## Task
Print the first line of the data below and every one after it, through the line containing "text \<open>Fix a", exactly as written.

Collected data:
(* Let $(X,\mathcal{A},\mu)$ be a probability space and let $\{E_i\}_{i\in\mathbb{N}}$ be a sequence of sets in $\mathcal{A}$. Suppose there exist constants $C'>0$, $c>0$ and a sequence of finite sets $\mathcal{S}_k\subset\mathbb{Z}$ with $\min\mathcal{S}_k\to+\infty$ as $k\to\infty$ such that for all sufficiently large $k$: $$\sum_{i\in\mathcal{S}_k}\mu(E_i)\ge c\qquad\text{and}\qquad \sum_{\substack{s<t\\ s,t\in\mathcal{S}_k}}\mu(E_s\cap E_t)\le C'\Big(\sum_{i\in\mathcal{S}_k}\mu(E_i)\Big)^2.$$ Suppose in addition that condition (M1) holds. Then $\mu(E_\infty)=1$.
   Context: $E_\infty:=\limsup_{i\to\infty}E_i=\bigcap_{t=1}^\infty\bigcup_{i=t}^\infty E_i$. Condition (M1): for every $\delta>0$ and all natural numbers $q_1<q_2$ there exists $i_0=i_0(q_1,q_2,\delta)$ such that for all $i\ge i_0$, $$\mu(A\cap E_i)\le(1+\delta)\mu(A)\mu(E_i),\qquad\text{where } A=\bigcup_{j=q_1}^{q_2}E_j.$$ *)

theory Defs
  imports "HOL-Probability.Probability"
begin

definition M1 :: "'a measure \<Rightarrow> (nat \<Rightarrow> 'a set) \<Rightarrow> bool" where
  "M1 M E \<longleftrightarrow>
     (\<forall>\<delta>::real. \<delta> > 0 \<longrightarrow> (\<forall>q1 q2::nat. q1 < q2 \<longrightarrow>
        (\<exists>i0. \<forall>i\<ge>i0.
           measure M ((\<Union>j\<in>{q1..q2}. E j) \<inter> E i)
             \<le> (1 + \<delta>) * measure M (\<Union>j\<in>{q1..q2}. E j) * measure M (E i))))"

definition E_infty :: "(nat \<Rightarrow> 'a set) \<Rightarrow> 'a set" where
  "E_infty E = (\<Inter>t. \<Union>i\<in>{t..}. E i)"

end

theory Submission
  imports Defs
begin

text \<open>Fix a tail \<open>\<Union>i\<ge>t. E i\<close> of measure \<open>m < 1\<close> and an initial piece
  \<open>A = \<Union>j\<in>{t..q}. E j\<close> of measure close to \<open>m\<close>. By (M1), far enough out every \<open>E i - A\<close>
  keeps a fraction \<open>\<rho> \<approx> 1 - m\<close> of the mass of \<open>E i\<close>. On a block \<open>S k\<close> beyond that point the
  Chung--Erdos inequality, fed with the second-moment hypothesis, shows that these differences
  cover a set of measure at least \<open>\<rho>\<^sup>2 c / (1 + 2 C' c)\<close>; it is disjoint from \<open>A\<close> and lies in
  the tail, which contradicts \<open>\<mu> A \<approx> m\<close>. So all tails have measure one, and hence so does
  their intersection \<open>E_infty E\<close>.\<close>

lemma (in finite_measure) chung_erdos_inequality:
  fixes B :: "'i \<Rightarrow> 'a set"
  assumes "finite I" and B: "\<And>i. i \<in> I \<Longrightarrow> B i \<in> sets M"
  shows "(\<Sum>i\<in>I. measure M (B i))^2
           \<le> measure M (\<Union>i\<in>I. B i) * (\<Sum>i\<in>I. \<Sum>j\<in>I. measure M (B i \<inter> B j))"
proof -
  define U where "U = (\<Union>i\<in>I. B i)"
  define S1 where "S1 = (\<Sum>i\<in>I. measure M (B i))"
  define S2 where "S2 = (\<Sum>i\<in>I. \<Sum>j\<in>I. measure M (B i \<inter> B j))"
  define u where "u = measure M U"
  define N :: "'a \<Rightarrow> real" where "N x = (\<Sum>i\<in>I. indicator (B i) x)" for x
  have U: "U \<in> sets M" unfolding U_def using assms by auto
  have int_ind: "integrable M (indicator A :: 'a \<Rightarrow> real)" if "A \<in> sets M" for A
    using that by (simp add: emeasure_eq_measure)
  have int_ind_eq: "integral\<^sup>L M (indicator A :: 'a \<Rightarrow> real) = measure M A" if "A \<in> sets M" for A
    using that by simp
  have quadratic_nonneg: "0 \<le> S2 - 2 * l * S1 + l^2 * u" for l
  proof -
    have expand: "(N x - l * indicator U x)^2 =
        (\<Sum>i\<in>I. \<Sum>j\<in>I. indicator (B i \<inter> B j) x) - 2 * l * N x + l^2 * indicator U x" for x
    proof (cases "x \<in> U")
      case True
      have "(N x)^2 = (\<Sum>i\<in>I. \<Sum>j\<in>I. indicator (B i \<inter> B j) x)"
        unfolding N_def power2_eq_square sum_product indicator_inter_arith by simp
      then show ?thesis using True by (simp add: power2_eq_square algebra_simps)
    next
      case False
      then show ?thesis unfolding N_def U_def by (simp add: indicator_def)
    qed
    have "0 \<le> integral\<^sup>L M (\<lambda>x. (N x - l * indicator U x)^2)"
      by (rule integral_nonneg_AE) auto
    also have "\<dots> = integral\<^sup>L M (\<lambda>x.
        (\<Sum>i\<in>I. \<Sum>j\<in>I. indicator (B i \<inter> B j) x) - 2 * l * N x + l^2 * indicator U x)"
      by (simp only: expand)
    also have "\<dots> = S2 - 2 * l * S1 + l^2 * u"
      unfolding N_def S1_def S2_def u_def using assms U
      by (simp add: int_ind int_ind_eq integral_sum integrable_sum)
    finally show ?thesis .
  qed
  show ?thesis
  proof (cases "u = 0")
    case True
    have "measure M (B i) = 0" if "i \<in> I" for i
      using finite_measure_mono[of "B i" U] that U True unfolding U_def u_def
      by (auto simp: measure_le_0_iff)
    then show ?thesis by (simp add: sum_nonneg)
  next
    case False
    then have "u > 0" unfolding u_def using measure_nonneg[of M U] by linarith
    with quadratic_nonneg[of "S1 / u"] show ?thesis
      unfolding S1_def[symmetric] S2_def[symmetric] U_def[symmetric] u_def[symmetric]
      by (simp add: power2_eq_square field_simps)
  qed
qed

## Solution below
(* Let $(X,\mathcal{A},\mu)$ be a probability space and let $\{E_i\}_{i\in\mathbb{N}}$ be a sequence of sets in $\mathcal{A}$. Suppose there exist constants $C'>0$, $c>0$ and a sequence of finite sets $\mathcal{S}_k\subset\mathbb{Z}$ with $\min\mathcal{S}_k\to+\infty$ as $k\to\infty$ such that for all sufficiently large $k$: $$\sum_{i\in\mathcal{S}_k}\mu(E_i)\ge c\qquad\text{and}\qquad \sum_{\substack{s<t\\ s,t\in\mathcal{S}_k}}\mu(E_s\cap E_t)\le C'\Big(\sum_{i\in\mathcal{S}_k}\mu(E_i)\Big)^2.$$ Suppose in addition that condition (M1) holds. Then $\mu(E_\infty)=1$.
   Context: $E_\infty:=\limsup_{i\to\infty}E_i=\bigcap_{t=1}^\infty\bigcup_{i=t}^\infty E_i$. Condition (M1): for every $\delta>0$ and all natural numbers $q_1<q_2$ there exists $i_0=i_0(q_1,q_2,\delta)$ such that for all $i\ge i_0$, $$\mu(A\cap E_i)\le(1+\delta)\mu(A)\mu(E_i),\qquad\text{where } A=\bigcup_{j=q_1}^{q_2}E_j.$$ *)

theory Defs
  imports "HOL-Probability.Probability"
begin

definition M1 :: "'a measure \<Rightarrow> (nat \<Rightarrow> 'a set) \<Rightarrow> bool" where
  "M1 M E \<longleftrightarrow>
     (\<forall>\<delta>::real. \<delta> > 0 \<longrightarrow> (\<forall>q1 q2::nat. q1 < q2 \<longrightarrow>
        (\<exists>i0. \<forall>i\<ge>i0.
           measure M ((\<Union>j\<in>{q1..q2}. E j) \<inter> E i)
             \<le> (1 + \<delta>) * measure M (\<Union>j\<in>{q1..q2}. E j) * measure M (E i))))"

definition E_infty :: "(nat \<Rightarrow> 'a set) \<Rightarrow> 'a set" where
  "E_infty E = (\<Inter>t. \<Union>i\<in>{t..}. E i)"

end

theory Submission
  imports Defs
begin

text \<open>Fix a tail \<open>\<Union>i\<ge>t. E i\<close> of measure \<open>m < 1\<close> and an initial piece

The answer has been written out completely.